Supermarket chains stifling traditional retail food stores

Over 3,500 food retail stores shut down between 2010 and 2013, which shows that not even shops selling essential commodities escaped having to pay the ultimate price during Greece’s economic crisis.

The blow was clearly harder for traditional stores such as independent butchers, grocers and minimarkets, which didn’t have the same leeway for discounts as the supermarket chains did at the height of the crisis. And while some chains also went bankrupt, the healthy ones have tried to – and continue to – grab the market share left by traditional retail stores.

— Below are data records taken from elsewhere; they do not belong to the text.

lemma has_integral_jump_kernel_square:
  assumes "t \<in> {a..b}"
  shows "((\<lambda>s. (jump_kernel a b t s)\<^sup>2) has_integral (b - a)^3 / 12) {a..b}"
proof -
  have at: "a \<le> t" and tb: "t \<le> b" using assms by auto
  have left: "((\<lambda>s. (jump_kernel a b t s)\<^sup>2) has_integral
      ((t - (t - (b - a) / 2))^3 - (a - (t - (b - a) / 2))^3) / 3) {a..t}"
    using has_integral_square_shift[OF at, of "t - (b - a) / 2"]
    by (rule has_integral_eq[rotated]) (auto simp: jump_kernel_def algebra_simps)
  have right: "((\<lambda>s. (jump_kernel a b t s)\<^sup>2) has_integral
      ((b - (t + (b - a) / 2))^3 - (t - (t + (b - a) / 2))^3) / 3) {t..b}"
    using has_integral_square_shift[OF tb, of "t + (b - a) / 2"]
    by (rule has_integral_spike[OF negligible_sing[of t], rotated])
       (auto simp: jump_kernel_def algebra_simps)
  have "((t - (t - (b - a) / 2))^3 - (a - (t - (b - a) / 2))^3) / 3
      + ((b - (t + (b - a) / 2))^3 - (t - (t + (b - a) / 2))^3) / 3 = (b - a)^3 / 12"
    by (simp add: field_simps power3_eq_cube)
  with has_integral_combine[OF at tb left right] show ?thesis by (simp only:)
qed

lemma has_integral_jump_kernel_mult:
  fixes f g :: "real \<Rightarrow> real"
  assumes t: "t \<in> {a..b}" and "f a = f b"
    and left: "(g has_integral f t - f a) {a..t}" and right: "(g has_integral f b - f t) {t..b}"
    and moment: "((\<lambda>s. (s - t) * g s) has_integral (b - a) * f a) {a..b}"
  shows "((\<lambda>s. jump_kernel a b t s * g s) has_integral (b - a) * f t) {a..b}"
proof -
  have at: "a \<le> t" and tb: "t \<le> b" using t by auto
  have "(\<lambda>s. (s - t) * g s) integrable_on {a..t}" "(\<lambda>s. (s - t) * g s) integrable_on {t..b}"
    using moment at tb by (auto intro: integrable_on_subinterval simp: has_integral_integrable)
  then obtain M1 M2 where M1: "((\<lambda>s. (s - t) * g s) has_integral M1) {a..t}"
    and M2: "((\<lambda>s. (s - t) * g s) has_integral M2) {t..b}" by (auto simp: integrable_on_def)
  have "M1 + M2 = (b - a) * f a"
    using has_integral_combine[OF at tb M1 M2] moment by (rule has_integral_unique)
  have K1: "((\<lambda>s. jump_kernel a b t s * g s) has_integral M1 + (b - a) / 2 * (f t - f a)) {a..t}"
    using has_integral_add[OF M1 has_integral_mult_right[OF left, of "(b - a) / 2"]]
    by (rule has_integral_eq[rotated]) (auto simp: jump_kernel_def algebra_simps)
  have K2: "((\<lambda>s. jump_kernel a b t s * g s) has_integral M2 - (b - a) / 2 * (f b - f t)) {t..b}"
    using has_integral_diff[OF M2 has_integral_mult_right[OF right, of "(b - a) / 2"]]
    by (rule has_integral_spike[OF negligible_sing[of t], rotated])
       (auto simp: jump_kernel_def algebra_simps)
  have "M1 + (b - a) / 2 * (f t - f a) + (M2 - (b - a) / 2 * (f b - f t)) = (b - a) * f t"
    using \<open>M1 + M2 = (b - a) * f a\<close> \<open>f a = f b\<close> by (simp add: field_simps)
  with has_integral_combine[OF at tb K1 K2] show ?thesis by (simp only:)
qed

lemma square_le_energy:
  fixes f g :: "real \<Rightarrow> real"
  assumes "a < b" "t \<in> {a..b}" "f a = f b"
    and "(g has_integral f t - f a) {a..t}" "(g has_integral f b - f t) {t..b}"
    and "((\<lambda>s. (s - t) * g s) has_integral (b - a) * f a) {a..b}"
    and energy: "((\<lambda>s. (g s)\<^sup>2) has_integral E) {a..b}"
  shows "(f t)\<^sup>2 \<le> (b - a) / 12 * E"
proof -
  have "(b - a)\<^sup>2 * (f t)\<^sup>2 = ((b - a) * f t)\<^sup>2" by (simp add: power_mult_distrib)
  also have "\<dots> \<le> (b - a)^3 / 12 * E"
    using has_integral_Cauchy_Schwarz[OF has_integral_jump_kernel_square[OF \<open>t \<in> {a..b}\<close>]
        has_integral_jump_kernel_mult[OF assms(2-6)] energy] \<open>a < b\<close> by simp
  also have "\<dots> = (b - a)\<^sup>2 * ((b - a) / 12 * E)" by (simp add: power3_eq_cube power2_eq_square)
  finally have "(b - a)\<^sup>2 * (f t)\<^sup>2 \<le> (b - a)\<^sup>2 * ((b - a) / 12 * E)" .
  then show ?thesis using \<open>a < b\<close> by (simp add: mult_le_cancel_left)
qed

lemma has_integral_moment_derivative:
  fixes f g :: "real \<Rightarrow> real"
  assumes "a \<le> b" and ac: "abs_cont_on {a..b} f" and N: "negligible N"
    and der: "\<And>x. x \<in> {a..b} - N \<Longrightarrow> (f has_real_derivative g x) (at x)"
    and mean: "(f has_integral 0) {a..b}"
  shows "((\<lambda>s. (s - t) * g s) has_integral (b - t) * f b - (a - t) * f a) {a..b}"
proof -
  have "abs_cont_on {a..b} (\<lambda>s. s - t)"
    by (rule lipschitz_on_imp_abs_cont_on) (auto intro: lipschitz_intros)
  then have "abs_cont_on {a..b} (\<lambda>s. (s - t) * f s)"
    using ac by (rule abs_cont_on_mult)
  then have "((\<lambda>s. f s + (s - t) * g s) has_integral (b - t) * f b - (a - t) * f a) {a..b}"
  proof (rule abs_cont_on_has_integral_derivative[OF \<open>a \<le> b\<close> _ N])
    fix x assume "x \<in> {a..b} - N"
    then have "(f has_real_derivative g x) (at x)" by (rule der)
    then show "((\<lambda>s. (s - t) * f s) has_real_derivative f x + (x - t) * g x) (at x)"
      by (auto intro!: derivative_eq_intros)
  qed
  from has_integral_diff[OF this mean] show ?thesis by simp
qed

text \<open>Of the hypotheses on \<open>f\<close>, the bound uses only \<open>f a = f b\<close> and \<open>\<integral> f = 0\<close>.\<close>

lemma admissible_integral_identities:
  fixes f g :: "real \<Rightarrow> real"
  assumes "admissible I a b f g"
  shows admissible_has_integral_derivative:
      "\<And>u v. a \<le> u \<Longrightarrow> u \<le> v \<Longrightarrow> v \<le> b \<Longrightarrow> (g has_integral f v - f u) {u..v}"
    and admissible_has_integral_moment:
      "\<And>t. ((\<lambda>s. (s - t) * g s) has_integral (b - a) * f a) {a..b}"
proof -
  from assms have I: "is_interval I" and acI: "abs_cont_on (interior I) f"
    and aI: "a \<in> interior I" and bI: "b \<in> interior I" and "a < b" and "f a = f b"
    and aeD: "AE x in lborel. x \<in> interior I \<longrightarrow> (f has_real_derivative g x) (at x)"
    and mean0: "(LBINT t:{a..b}. f t) = 0"
    unfolding admissible_def by auto
  have "{a..b} \<subseteq> interior I"
  proof -
    have "convex (interior I)" using I by (simp add: is_interval_convex)
    then have "closed_segment a b \<subseteq> interior I" using aI bI unfolding convex_contains_segment by blast
    then show ?thesis using \<open>a < b\<close> by (simp add: closed_segment_eq_real_ivl)
  qed
  then have ac: "abs_cont_on {a..b} f" by (rule abs_cont_on_subset[OF acI])
  obtain N where N: "negligible N"
    and derN: "\<And>x. x \<notin> N \<Longrightarrow> x \<in> interior I \<longrightarrow> (f has_real_derivative g x) (at x)"
    using AE_lborel_negligible_exception[OF aeD] by blast
  have der: "(f has_real_derivative g x) (at x)" if "x \<in> {a..b} - N" for x
    using derN \<open>{a..b} \<subseteq> interior I\<close> that by blast
  show "(g has_integral f v - f u) {u..v}" if "a \<le> u" "u \<le> v" "v \<le> b" for u v
    using that by (intro abs_cont_on_has_integral_derivative[OF _ abs_cont_on_subset[OF ac] N] der) auto
  have "(f has_integral 0) {a..b}"
  proof -
    have si: "set_integrable lborel {a..b} f"
      by (rule borel_integrable_atLeastAtMost'[OF abs_cont_on_imp_continuous_on[OF ac]])
    then have "integral {a..b} f = 0" using set_borel_integral_eq_integral(2)[OF si] mean0 by simp
    then show ?thesis using set_borel_integral_eq_integral(1)[OF si] by (metis integrable_integral)
  qed
  moreover have "(b - t) * f b - (a - t) * f a = (b - a) * f a" for t
    using \<open>f a = f b\<close> by (simp add: algebra_simps)
  ultimately show "((\<lambda>s. (s - t) * g s) has_integral (b - a) * f a) {a..b}" for t
    using has_integral_moment_derivative[OF _ ac N der, of t] \<open>a < b\<close> by simp
qed

lemma admissible_sup_square_le:
  fixes f g :: "real \<Rightarrow> real"
  assumes "admissible I a b f g"
  shows "ennreal (SUP x\<in>{a..b}. (f x)\<^sup>2)
           \<le> ennreal ((b - a) / 12) * (\<integral>\<^sup>+ x\<in>{a..b}. ennreal ((g x)\<^sup>2) \<partial>lborel)"
proof (cases "(\<integral>\<^sup>+ x\<in>{a..b}. ennreal ((g x)\<^sup>2) \<partial>lborel) = \<infinity>")
  case True
  moreover have "a < b" using assms unfolding admissible_def by auto
  ultimately show ?thesis by (simp add: ennreal_mult_top)
next
  case False
  from assms have "a < b" and "f a = f b" and gint: "set_integrable lborel {a..b} g"
    unfolding admissible_def by auto
  have "set_borel_measurable lborel {a..b} g"
    using gint unfolding set_integrable_def set_borel_measurable_def by (rule borel_measurable_integrable)
  then obtain E where E: "((\<lambda>x. (g x)\<^sup>2) has_integral E) {a..b}"
    "(\<integral>\<^sup>+ x\<in>{a..b}. ennreal ((g x)\<^sup>2) \<partial>lborel) = ennreal E"
    using nn_integral_square_has_integral False by blast
  have "E \<ge> 0" using E(1) by (rule has_integral_nonneg) simp
  have "(f t)\<^sup>2 \<le> (b - a) / 12 * E" if t: "t \<in> {a..b}" for t
  proof (rule square_le_energy[OF \<open>a < b\<close> t \<open>f a = f b\<close> _ _ _ E(1)])
    show "(g has_integral f t - f a) {a..t}" "(g has_integral f b - f t) {t..b}"
      using t by (auto intro!: admissible_has_integral_derivative[OF assms])
    show "((\<lambda>s. (s - t) * g s) has_integral (b - a) * f a) {a..b}"
      by (rule admissible_has_integral_moment[OF assms])
  qed
  then have "(SUP x\<in>{a..b}. (f x)\<^sup>2) \<le> (b - a) / 12 * E"
    using \<open>a < b\<close> by (intro cSUP_least) auto
  then have "ennreal (SUP x\<in>{a..b}. (f x)\<^sup>2) \<le> ennreal ((b - a) / 12 * E)"
    by (rule ennreal_leI)
  also have "\<dots> = ennreal ((b - a) / 12) * ennreal E"
    by (rule ennreal_mult) (use \<open>a < b\<close> \<open>E \<ge> 0\<close> in auto)
  finally show ?thesis using E(2) by simp
qed

section \<open>Sharpness\<close>

text \<open>The Legendre polynomial \<open>(3u\<^sup>2 - 1)/2\<close> in the variable \<open>u = (2x - a - b)/(b - a)\<close>.\<close>

definition legendre2 :: "real \<Rightarrow> real \<Rightarrow> real \<Rightarrow> real" where
  "legendre2 a b x = 6 / (b - a)\<^sup>2 * (x - (a + b) / 2)\<^sup>2 - 1 / 2"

IRI research data show that while in 2010 there were 16,207 retail food enterprises in Greece, this number dropped to 12,547 in 2013, meaning that 3,660 or one-fifth were lost.

The crisis has accelerated the concentration in chain food enterprises, and in 2013 traditional food stores numbered 1,720 fewer than three years earlier. The trend toward buying fresh meat, vegetables and fish from supermarkets and not from local stores – mostly to save time – which was already apparent before the crisis, strengthened during the crisis years. This time the main incentive was the lower prices that supermarket chains were able to offer. The queues for lamb at supermarket butcher counters in the runup to Easter provided clear evidence of that trend.

The other category that has suffered considerably is that of minimarkets, as in the period from 2010 to 2013 their number declined by 1,352. In fact the majority have been replaced by convenience stores developed by the major supermarket chains in the form of franchising.

The trend of concentrating all retail activities under one roof has brought hypermarkets back into fashion – i.e. stores covering a surface area in excess of 2,500 square meters. In 2013 their number increased to 58 from 56 in 2012. Recently Vassilopoulos launched a new store covering 4,000 sq.m. on Kifissou Avenue.

The decline recorded in discount stores is attributed to the departure of Aldi from the Greek market and the shutdown of the Dia chain, leaving German-owned Lidl the sole player in that section of the market.